§ **INSTRUCTIONS FOR THE TASK**
Repeat the entries shown below with every word and mark intact.

§ **SOURCE DATA**
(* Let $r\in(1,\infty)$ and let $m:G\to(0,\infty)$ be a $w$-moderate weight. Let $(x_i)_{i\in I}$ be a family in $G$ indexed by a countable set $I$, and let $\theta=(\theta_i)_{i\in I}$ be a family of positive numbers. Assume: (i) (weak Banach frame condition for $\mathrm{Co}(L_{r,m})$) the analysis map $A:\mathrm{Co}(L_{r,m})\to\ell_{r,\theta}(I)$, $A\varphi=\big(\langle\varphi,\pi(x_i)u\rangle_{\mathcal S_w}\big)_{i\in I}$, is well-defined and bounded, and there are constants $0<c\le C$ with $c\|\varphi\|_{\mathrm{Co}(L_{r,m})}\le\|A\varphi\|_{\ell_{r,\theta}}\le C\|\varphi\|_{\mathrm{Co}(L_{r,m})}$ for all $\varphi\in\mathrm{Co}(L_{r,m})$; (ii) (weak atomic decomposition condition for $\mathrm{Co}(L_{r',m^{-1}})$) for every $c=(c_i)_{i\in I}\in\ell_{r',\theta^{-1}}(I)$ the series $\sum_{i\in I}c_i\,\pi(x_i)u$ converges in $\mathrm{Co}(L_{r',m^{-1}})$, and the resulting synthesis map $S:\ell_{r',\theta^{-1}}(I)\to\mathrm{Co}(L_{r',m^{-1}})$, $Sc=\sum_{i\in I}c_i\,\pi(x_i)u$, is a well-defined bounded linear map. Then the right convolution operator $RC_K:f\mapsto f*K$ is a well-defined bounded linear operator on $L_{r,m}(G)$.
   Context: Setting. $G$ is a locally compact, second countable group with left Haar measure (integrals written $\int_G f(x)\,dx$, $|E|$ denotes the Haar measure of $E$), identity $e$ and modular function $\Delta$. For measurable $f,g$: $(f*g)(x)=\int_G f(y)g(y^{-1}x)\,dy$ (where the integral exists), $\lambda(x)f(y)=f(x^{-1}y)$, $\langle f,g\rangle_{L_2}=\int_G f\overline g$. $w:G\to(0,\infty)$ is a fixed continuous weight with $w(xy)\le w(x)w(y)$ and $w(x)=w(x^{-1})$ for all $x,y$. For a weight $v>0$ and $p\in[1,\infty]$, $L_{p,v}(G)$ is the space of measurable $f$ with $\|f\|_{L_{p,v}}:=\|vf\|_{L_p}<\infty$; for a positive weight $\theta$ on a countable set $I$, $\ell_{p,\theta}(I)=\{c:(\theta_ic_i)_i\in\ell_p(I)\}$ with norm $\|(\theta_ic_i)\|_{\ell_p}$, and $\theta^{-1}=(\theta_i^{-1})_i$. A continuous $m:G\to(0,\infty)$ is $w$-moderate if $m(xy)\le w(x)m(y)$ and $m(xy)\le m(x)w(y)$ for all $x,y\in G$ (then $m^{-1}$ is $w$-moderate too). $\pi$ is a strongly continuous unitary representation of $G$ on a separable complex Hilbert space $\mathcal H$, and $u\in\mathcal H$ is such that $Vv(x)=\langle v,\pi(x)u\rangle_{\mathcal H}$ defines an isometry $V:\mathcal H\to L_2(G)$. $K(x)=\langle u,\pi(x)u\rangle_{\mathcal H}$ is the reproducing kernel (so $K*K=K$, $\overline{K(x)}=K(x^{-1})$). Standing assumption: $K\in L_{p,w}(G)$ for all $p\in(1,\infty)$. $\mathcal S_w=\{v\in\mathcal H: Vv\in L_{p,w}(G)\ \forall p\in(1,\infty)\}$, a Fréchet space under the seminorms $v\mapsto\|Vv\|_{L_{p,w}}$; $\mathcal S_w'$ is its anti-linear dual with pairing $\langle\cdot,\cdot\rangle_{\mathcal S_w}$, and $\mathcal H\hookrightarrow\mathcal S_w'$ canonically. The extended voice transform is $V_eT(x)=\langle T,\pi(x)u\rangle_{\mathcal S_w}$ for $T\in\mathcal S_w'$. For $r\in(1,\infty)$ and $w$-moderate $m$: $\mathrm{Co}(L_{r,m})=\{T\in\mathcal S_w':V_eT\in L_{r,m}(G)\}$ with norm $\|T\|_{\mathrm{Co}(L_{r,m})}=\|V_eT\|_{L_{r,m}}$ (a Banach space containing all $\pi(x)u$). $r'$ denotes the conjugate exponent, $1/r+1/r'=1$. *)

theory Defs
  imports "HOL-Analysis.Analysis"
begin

§ **RESPONSE TO THIS TASK**
(* Let $r\in(1,\infty)$ and let $m:G\to(0,\infty)$ be a $w$-moderate weight. Let $(x_i)_{i\in I}$ be a family in $G$ indexed by a countable set $I$, and let $\theta=(\theta_i)_{i\in I}$ be a family of positive numbers. Assume: (i) (weak Banach frame condition for $\mathrm{Co}(L_{r,m})$) the analysis map $A:\mathrm{Co}(L_{r,m})\to\ell_{r,\theta}(I)$, $A\varphi=\big(\langle\varphi,\pi(x_i)u\rangle_{\mathcal S_w}\big)_{i\in I}$, is well-defined and bounded, and there are constants $0<c\le C$ with $c\|\varphi\|_{\mathrm{Co}(L_{r,m})}\le\|A\varphi\|_{\ell_{r,\theta}}\le C\|\varphi\|_{\mathrm{Co}(L_{r,m})}$ for all $\varphi\in\mathrm{Co}(L_{r,m})$; (ii) (weak atomic decomposition condition for $\mathrm{Co}(L_{r',m^{-1}})$) for every $c=(c_i)_{i\in I}\in\ell_{r',\theta^{-1}}(I)$ the series $\sum_{i\in I}c_i\,\pi(x_i)u$ converges in $\mathrm{Co}(L_{r',m^{-1}})$, and the resulting synthesis map $S:\ell_{r',\theta^{-1}}(I)\to\mathrm{Co}(L_{r',m^{-1}})$, $Sc=\sum_{i\in I}c_i\,\pi(x_i)u$, is a well-defined bounded linear map. Then the right convolution operator $RC_K:f\mapsto f*K$ is a well-defined bounded linear operator on $L_{r,m}(G)$.
   Context: Setting. $G$ is a locally compact, second countable group with left Haar measure (integrals written $\int_G f(x)\,dx$, $|E|$ denotes the Haar measure of $E$), identity $e$ and modular function $\Delta$. For measurable $f,g$: $(f*g)(x)=\int_G f(y)g(y^{-1}x)\,dy$ (where the integral exists), $\lambda(x)f(y)=f(x^{-1}y)$, $\langle f,g\rangle_{L_2}=\int_G f\overline g$. $w:G\to(0,\infty)$ is a fixed continuous weight with $w(xy)\le w(x)w(y)$ and $w(x)=w(x^{-1})$ for all $x,y$. For a weight $v>0$ and $p\in[1,\infty]$, $L_{p,v}(G)$ is the space of measurable $f$ with $\|f\|_{L_{p,v}}:=\|vf\|_{L_p}<\infty$; for a positive weight $\theta$ on a countable set $I$, $\ell_{p,\theta}(I)=\{c:(\theta_ic_i)_i\in\ell_p(I)\}$ with norm $\|(\theta_ic_i)\|_{\ell_p}$, and $\theta^{-1}=(\theta_i^{-1})_i$. A continuous $m:G\to(0,\infty)$ is $w$-moderate if $m(xy)\le w(x)m(y)$ and $m(xy)\le m(x)w(y)$ for all $x,y\in G$ (then $m^{-1}$ is $w$-moderate too). $\pi$ is a strongly continuous unitary representation of $G$ on a separable complex Hilbert space $\mathcal H$, and $u\in\mathcal H$ is such that $Vv(x)=\langle v,\pi(x)u\rangle_{\mathcal H}$ defines an isometry $V:\mathcal H\to L_2(G)$. $K(x)=\langle u,\pi(x)u\rangle_{\mathcal H}$ is the reproducing kernel (so $K*K=K$, $\overline{K(x)}=K(x^{-1})$). Standing assumption: $K\in L_{p,w}(G)$ for all $p\in(1,\infty)$. $\mathcal S_w=\{v\in\mathcal H: Vv\in L_{p,w}(G)\ \forall p\in(1,\infty)\}$, a Fréchet space under the seminorms $v\mapsto\|Vv\|_{L_{p,w}}$; $\mathcal S_w'$ is its anti-linear dual with pairing $\langle\cdot,\cdot\rangle_{\mathcal S_w}$, and $\mathcal H\hookrightarrow\mathcal S_w'$ canonically. The extended voice transform is $V_eT(x)=\langle T,\pi(x)u\rangle_{\mathcal S_w}$ for $T\in\mathcal S_w'$. For $r\in(1,\infty)$ and $w$-moderate $m$: $\mathrm{Co}(L_{r,m})=\{T\in\mathcal S_w':V_eT\in L_{r,m}(G)\}$ with norm $\|T\|_{\mathrm{Co}(L_{r,m})}=\|V_eT\|_{L_{r,m}}$ (a Banach space containing all $\pi(x)u$). $r'$ denotes the conjugate exponent, $1/r+1/r'=1$. *)

theory Defs
  imports "HOL-Analysis.Analysis"
begin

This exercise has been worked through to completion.